Photo of doctor holding hands of patient
© rogerphoto - fotolia

(The story was first published in Horizon Magazine)

What kinds of data do today's national cancer registries collect?

This data set includes data on the person (such as) age, sex, living place, data on the tumour … and crude data on therapy. If the patient dies this information, including the date of death and cause of death, is added. Many registries collect additional data on therapy, on relapse and more to give a comprehensive view on the tumour and its therapy.

The planned European Cancer Information System (ECIS) will collate data and allow comparisons between Member States. How will people be able to use it?

I think for the citizens the most interesting thing to do will be to aggregate the data so they can see what is going on in their country, and they will also be able to see cancer-specific time points for their country to see whether (for example) lung cancer is going up in their country or not, and how it is in other countries, and how it is in the European Union.

You have said the ECIS will be able to evaluate the success of medical treatments. How will that work?

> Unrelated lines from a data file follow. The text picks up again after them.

(* Let $n_1,n_2,n_3\ge 2$, $r\le\min\{n_1,n_2\}$, $b,c,\tau>0$, and $\mathcal{X}^*=\mathcal{A}^*\diamond\mathcal{B}^*$ with $\mathcal{A}^*\in\mathbb{R}_+^{n_1\times r\times n_3}$, $\mathcal{B}^*\in\mathbb{R}_+^{r\times n_2\times n_3}$, $0\le\mathcal{X}^*_{ijk}\le c/2$, $0\le\mathcal{A}^*_{ijk}\le1$, $0\le\mathcal{B}^*_{ijk}\le b$. Let $4\le m\le n_1n_2n_3$, $\Omega\sim\mathrm{Bern}(\frac{m}{n_1n_2n_3})$, and $\mathcal{Y}_{ijk}=\mathcal{X}^*_{ijk}+\epsilon_{ijk}$ for $(i,j,k)\in\Omega$ with $\epsilon_{ijk}$ i.i.d. Laplace with location $0$ and diversity $\tau$ (density $\frac{1}{2\tau}e^{-|x|/\tau}$). Let $\beta=\max\left\{3,1+\frac{\log(3rn_3^{1.5}b/c)}{\log(n_1\vee n_2)}\right\}$, $\kappa=\frac{c^2}{2\tau^2}$, $\lambda=4(\beta+2)\left(1+\frac{2\kappa}{3}\right)\log(n_1\vee n_2)$. Then the estimator $\widetilde{\mathcal{X}}^\lambda$ satisfies \[ \frac{\mathbb{E}_{\Omega,\mathcal{Y}_\Omega}\|\widetilde{\mathcal{X}}^\lambda-\mathcal{X}^*\|_F^2}{n_1n_2n_3}\le\frac{3c^2(2\tau+c)^2\log(m)}{m\tau^2}+2\left(3+\frac{c^2}{\tau^2}\right)(2\tau+c)^2(\beta+2)\left(\frac{rn_1n_3+\|\mathcal{B}^*\|_0}{m}\right)\log(n_1\vee n_2). \]
   Context: Tensor-tensor product $\diamond$: for $\mathcal{X}\in\mathbb{R}^{n_1\times n_2\times n_3}$ with frontal slices $\mathbf{X}^{(1)},\dots,\mathbf{X}^{(n_3)}$ and $\mathcal{Y}\in\mathbb{R}^{n_2\times n_4\times n_3}$, $\mathcal{X}\diamond\mathcal{Y}$ is obtained by multiplying the block-circulant matrix with $(p,q)$ block $\mathbf{X}^{((p-q)\bmod n_3+1)}$ by the vertical stack of the frontal slices of $\mathcal{Y}$ and folding back. $\|\cdot\|_0$ counts nonzero entries, $m\vee n=\max\{m,n\}$. $\Omega\sim\mathrm{Bern}(\gamma)$: each index included independently with probability $\gamma$. $p_x$ denotes the Laplace density with location $x$ and diversity $\tau$. With $\vartheta=2^{\lceil\beta\log_2(n_1\vee n_2)\rceil}$, $\mathfrak{L}$ = tensors in $\mathbb{R}_+^{n_1\times r\times n_3}$ with entries among $\vartheta$ uniformly spaced levels of $[0,1]$; $\mathfrak{D}$ = tensors in $\mathbb{R}_+^{r\times n_2\times n_3}$ with entries $0$ or among $\vartheta$ uniformly spaced levels of $[0,b]$; $\Gamma=\{\mathcal{A}\diamond\mathcal{B}:\mathcal{A}\in\mathfrak{L},\mathcal{B}\in\mathfrak{D},0\le(\mathcal{A}\diamond\mathcal{B})_{ijk}\le c\}$. Estimator: $\widetilde{\mathcal{X}}^\lambda\in\arg\min_{\mathcal{X}=\mathcal{A}\diamond\mathcal{B}\in\Gamma}\{-\log p_{\mathcal{X}_\Omega}(\mathcal{Y}_\Omega)+\lambda\|\mathcal{B}\|_0\}$ with $p_{\mathcal{X}_\Omega}(\mathcal{Y}_\Omega)=\prod_{(i,j,k)\in\Omega}p_{\mathcal{X}_{ijk}}(\mathcal{Y}_{ijk})$. *)

theory Defs
  imports "HOL-Probability.Probability"
begin

type_synonym tensor = "nat \<Rightarrow> nat \<Rightarrow> nat \<Rightarrow> real"

definition box :: "nat \<Rightarrow> nat \<Rightarrow> nat \<Rightarrow> (nat \<times> nat \<times> nat) set" where
  "box n1 n2 n3 = {0..<n1} \<times> {0..<n2} \<times> {0..<n3}"

text \<open>Tensor-tensor product of A (n1 x r x n3) and B (r x n2 x n3): the p-th frontal slice
  of the result is sum over q of A^((p-q) mod n3) * B^(q) (0-based slices).\<close>
definition tprod :: "nat \<Rightarrow> nat \<Rightarrow> tensor \<Rightarrow> tensor \<Rightarrow> tensor" where
  "tprod r n3 A B = (\<lambda>i j k. \<Sum>q<n3. \<Sum>l<r. A i l ((k + n3 - q) mod n3) * B l j q)"

definition l0norm :: "nat \<Rightarrow> nat \<Rightarrow> nat \<Rightarrow> tensor \<Rightarrow> nat" where
  "l0norm n1 n2 n3 X = card {(i,j,k) \<in> box n1 n2 n3. X i j k \<noteq> 0}"

definition frob2 :: "nat \<Rightarrow> nat \<Rightarrow> nat \<Rightarrow> tensor \<Rightarrow> real" where
  "frob2 n1 n2 n3 X = (\<Sum>(i,j,k) \<in> box n1 n2 n3. (X i j k)^2)"

definition theta :: "real \<Rightarrow> nat \<Rightarrow> nat \<Rightarrow> nat" where
  "theta \<beta> n1 n2 = 2 ^ nat \<lceil>\<beta> * log 2 (real (max n1 n2))\<rceil>"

Of course we cannot evaluate single medical interventions because for this you need very detailed data. But we can measure the healthcare system. If you pick out a cancer like skin cancer, and compare different countries, then you will see big differences. You will see differences in the average time point when the tumour is detected, and this is a measure for early detection. You will see the survival or the mortality of the cancer after treatment, and that is an indicator for the (quality of) therapy and intervention in the country.

Could it be used to compare survival rates between countries, for example?

Yes and survival is important, to (enable people to) see the quality of the care, the therapy, and so on. Other measures, such as incidence, are important for evaluation of cancer prevention. For example, if you see lung cancer rates, they are a very important measure for smoking. You see the trends in countries which had anti-smoking laws very early, and lung cancer incidence is going down. So you can see whether preventive interventions are really working.

Are there plans to use it to inform policymakers?

Of course. A very good example is the EUROCARE study which is based on cancer registry data. The study group is located in Italy and they did the analysis of cancer survival and you can see these really big differences in cancer survival within the European Union. We had one time period when you had worse data for the UK, for example, and the politicians and the government really took a closer look at this data, released a national cancer plan and tried to improve the care. And in fact they did better in the next time period.

And that’s what I want, to drive (the ECIS) in the direction of having a benchmarking system in the future where you can benchmark care between different countries and draw conclusions to improve oncological (cancer) care.

What trends are you seeing at the moment?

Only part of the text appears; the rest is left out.